Of the records that follow, copy only the lines from the line containing "real) \<Rightarrow> ('a" to the line containing "property turns the", both included, exactly as written.

Stored items:
· · ·
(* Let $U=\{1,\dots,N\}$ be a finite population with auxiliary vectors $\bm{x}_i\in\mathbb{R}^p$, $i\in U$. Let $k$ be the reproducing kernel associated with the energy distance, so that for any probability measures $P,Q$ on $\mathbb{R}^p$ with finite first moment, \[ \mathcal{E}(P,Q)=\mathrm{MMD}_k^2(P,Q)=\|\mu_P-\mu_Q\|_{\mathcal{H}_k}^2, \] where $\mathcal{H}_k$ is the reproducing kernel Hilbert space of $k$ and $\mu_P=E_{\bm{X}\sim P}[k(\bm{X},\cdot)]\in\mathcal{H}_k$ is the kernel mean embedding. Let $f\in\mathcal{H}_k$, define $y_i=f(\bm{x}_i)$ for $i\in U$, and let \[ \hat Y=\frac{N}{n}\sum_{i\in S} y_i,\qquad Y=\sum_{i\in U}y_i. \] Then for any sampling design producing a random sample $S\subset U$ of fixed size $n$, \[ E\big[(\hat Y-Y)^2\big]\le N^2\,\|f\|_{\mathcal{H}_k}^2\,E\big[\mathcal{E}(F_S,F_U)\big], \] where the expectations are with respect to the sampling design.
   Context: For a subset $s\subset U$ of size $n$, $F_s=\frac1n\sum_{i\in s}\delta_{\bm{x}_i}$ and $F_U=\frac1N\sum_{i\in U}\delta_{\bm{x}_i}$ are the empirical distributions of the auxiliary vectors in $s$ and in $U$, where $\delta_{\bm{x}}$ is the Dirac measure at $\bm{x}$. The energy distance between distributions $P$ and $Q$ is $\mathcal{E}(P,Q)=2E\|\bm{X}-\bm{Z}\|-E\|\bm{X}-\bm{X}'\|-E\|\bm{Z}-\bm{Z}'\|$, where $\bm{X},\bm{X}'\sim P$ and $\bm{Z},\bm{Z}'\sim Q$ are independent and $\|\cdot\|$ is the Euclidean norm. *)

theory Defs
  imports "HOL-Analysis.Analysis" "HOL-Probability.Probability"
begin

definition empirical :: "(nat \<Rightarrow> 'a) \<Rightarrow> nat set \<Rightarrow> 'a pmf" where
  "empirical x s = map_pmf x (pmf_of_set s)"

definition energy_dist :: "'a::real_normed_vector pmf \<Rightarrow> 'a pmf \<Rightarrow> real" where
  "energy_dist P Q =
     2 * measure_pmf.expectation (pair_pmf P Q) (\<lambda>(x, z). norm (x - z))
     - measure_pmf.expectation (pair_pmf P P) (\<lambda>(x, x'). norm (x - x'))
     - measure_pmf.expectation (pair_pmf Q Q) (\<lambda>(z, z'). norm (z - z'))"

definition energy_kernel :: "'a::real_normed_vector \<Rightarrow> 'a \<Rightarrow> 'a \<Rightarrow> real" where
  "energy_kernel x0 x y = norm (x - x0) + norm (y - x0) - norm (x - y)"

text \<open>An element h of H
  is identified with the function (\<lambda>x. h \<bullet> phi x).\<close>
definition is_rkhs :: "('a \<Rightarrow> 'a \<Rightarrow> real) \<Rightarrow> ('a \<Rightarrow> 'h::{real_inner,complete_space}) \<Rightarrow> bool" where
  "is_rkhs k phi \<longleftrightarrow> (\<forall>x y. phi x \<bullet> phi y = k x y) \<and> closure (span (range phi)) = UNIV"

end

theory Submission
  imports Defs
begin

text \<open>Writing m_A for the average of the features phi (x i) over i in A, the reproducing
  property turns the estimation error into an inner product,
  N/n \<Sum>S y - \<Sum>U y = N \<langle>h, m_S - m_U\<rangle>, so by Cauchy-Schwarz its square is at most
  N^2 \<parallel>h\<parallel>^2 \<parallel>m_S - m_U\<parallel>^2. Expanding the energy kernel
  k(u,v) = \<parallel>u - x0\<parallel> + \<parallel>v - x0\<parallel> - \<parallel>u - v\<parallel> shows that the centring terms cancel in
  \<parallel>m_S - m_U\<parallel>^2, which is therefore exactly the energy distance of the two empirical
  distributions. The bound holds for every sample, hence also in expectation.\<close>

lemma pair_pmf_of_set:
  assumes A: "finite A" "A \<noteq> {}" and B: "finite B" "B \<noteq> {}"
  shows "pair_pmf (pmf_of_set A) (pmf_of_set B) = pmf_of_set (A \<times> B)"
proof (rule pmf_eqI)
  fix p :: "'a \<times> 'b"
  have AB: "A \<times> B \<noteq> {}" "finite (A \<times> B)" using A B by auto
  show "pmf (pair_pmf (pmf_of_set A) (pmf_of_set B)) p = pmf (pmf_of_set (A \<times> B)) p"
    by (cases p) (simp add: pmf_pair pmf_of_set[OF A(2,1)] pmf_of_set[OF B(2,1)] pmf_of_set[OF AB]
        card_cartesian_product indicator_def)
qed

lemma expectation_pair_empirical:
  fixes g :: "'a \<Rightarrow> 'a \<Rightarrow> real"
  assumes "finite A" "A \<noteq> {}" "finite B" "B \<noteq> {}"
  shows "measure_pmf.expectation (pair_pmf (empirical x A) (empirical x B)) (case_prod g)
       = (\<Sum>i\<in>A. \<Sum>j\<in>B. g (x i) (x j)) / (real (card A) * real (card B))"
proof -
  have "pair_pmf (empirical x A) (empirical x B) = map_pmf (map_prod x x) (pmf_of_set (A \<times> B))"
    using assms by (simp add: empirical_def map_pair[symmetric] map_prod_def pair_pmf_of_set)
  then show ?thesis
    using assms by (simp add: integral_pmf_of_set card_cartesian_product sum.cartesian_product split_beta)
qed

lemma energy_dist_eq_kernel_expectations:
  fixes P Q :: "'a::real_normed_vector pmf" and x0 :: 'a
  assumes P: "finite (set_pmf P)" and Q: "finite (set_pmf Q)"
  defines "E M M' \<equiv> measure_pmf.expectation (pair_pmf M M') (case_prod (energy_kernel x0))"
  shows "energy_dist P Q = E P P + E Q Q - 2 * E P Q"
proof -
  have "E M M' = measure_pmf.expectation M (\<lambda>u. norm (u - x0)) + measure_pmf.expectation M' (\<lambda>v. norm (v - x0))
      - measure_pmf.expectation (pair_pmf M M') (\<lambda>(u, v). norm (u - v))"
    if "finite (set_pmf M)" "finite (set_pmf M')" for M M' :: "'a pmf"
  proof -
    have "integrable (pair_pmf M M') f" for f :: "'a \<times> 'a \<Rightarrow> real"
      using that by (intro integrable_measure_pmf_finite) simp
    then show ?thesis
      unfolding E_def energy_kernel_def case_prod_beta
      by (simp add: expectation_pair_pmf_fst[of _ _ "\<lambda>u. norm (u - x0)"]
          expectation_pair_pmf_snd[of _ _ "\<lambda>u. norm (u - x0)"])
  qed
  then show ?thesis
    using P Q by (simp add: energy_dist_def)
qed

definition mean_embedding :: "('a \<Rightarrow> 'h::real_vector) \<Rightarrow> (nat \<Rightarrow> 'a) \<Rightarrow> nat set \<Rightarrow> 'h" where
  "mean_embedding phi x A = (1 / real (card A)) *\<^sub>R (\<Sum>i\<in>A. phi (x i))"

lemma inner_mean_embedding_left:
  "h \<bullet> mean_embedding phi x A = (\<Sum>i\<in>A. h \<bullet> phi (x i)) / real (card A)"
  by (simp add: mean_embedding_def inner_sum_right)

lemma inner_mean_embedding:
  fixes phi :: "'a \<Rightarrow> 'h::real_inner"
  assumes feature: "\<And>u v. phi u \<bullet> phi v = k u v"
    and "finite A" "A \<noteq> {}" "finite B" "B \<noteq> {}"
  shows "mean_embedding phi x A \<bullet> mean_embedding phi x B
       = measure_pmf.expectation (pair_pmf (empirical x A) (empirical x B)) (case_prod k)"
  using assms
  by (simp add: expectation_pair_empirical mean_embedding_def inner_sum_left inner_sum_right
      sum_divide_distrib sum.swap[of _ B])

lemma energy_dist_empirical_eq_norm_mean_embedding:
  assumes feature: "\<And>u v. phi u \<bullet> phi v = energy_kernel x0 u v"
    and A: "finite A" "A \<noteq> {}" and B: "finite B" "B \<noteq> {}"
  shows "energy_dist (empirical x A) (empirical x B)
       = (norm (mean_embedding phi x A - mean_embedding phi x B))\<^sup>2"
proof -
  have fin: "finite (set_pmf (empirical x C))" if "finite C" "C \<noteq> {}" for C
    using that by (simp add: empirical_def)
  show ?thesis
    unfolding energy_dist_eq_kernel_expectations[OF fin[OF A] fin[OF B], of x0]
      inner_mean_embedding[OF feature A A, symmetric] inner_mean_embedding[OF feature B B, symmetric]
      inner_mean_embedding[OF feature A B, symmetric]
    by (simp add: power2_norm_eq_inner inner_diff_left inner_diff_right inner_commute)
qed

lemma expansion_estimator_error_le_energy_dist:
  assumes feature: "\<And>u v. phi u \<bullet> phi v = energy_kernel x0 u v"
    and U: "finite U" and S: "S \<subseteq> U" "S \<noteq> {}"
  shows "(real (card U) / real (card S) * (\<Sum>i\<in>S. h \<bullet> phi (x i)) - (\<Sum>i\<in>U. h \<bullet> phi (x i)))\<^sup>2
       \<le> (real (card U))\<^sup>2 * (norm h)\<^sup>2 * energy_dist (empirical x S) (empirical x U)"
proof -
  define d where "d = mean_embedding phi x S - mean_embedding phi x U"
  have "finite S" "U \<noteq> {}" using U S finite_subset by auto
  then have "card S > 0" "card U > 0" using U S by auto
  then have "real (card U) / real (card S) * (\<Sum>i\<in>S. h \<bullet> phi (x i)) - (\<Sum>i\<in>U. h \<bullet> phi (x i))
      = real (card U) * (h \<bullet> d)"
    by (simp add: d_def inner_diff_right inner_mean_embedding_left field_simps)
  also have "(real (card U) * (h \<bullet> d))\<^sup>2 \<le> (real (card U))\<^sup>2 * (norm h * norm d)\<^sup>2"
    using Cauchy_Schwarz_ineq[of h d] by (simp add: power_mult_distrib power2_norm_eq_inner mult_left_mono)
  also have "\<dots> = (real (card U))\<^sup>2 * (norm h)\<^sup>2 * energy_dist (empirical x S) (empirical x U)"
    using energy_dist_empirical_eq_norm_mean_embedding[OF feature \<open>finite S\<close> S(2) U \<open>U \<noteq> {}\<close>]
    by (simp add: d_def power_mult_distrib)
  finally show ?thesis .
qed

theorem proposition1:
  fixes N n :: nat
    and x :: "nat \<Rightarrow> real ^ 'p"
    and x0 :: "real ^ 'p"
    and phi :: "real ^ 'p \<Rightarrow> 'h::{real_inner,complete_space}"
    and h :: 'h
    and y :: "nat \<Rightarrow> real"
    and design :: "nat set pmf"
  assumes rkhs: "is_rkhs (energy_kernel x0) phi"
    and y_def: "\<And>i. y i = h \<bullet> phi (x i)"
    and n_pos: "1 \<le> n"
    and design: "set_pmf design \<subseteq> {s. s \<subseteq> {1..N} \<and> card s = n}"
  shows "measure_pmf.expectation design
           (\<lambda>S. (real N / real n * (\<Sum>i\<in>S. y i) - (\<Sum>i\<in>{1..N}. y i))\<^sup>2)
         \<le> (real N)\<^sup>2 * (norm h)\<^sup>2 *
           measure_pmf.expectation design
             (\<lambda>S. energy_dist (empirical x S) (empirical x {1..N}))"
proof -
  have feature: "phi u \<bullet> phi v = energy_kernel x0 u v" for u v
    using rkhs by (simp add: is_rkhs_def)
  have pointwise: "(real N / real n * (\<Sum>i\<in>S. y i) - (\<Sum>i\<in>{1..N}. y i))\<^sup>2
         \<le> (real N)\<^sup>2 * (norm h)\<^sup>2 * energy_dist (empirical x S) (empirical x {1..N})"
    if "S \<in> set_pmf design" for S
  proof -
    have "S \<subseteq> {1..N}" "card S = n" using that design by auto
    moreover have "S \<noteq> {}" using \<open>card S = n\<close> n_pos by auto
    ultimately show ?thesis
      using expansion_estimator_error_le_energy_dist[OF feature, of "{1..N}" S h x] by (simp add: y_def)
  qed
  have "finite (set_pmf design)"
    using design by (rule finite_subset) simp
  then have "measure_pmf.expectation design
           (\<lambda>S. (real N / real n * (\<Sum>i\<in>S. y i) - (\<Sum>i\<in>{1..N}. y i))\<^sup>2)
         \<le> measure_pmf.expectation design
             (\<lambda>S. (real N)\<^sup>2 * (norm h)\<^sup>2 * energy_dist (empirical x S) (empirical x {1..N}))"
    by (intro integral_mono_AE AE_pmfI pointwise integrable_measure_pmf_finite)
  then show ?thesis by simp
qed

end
· · ·
### [Written response]
definition is_rkhs :: "('a \<Rightarrow> 'a \<Rightarrow> real) \<Rightarrow> ('a \<Rightarrow> 'h::{real_inner,complete_space}) \<Rightarrow> bool" where
  "is_rkhs k phi \<longleftrightarrow> (\<forall>x y. phi x \<bullet> phi y = k x y) \<and> closure (span (range phi)) = UNIV"

end

theory Submission
  imports Defs
begin

text \<open>Writing m_A for the average of the features phi (x i) over i in A, the reproducing
  property turns the estimation error into an inner product,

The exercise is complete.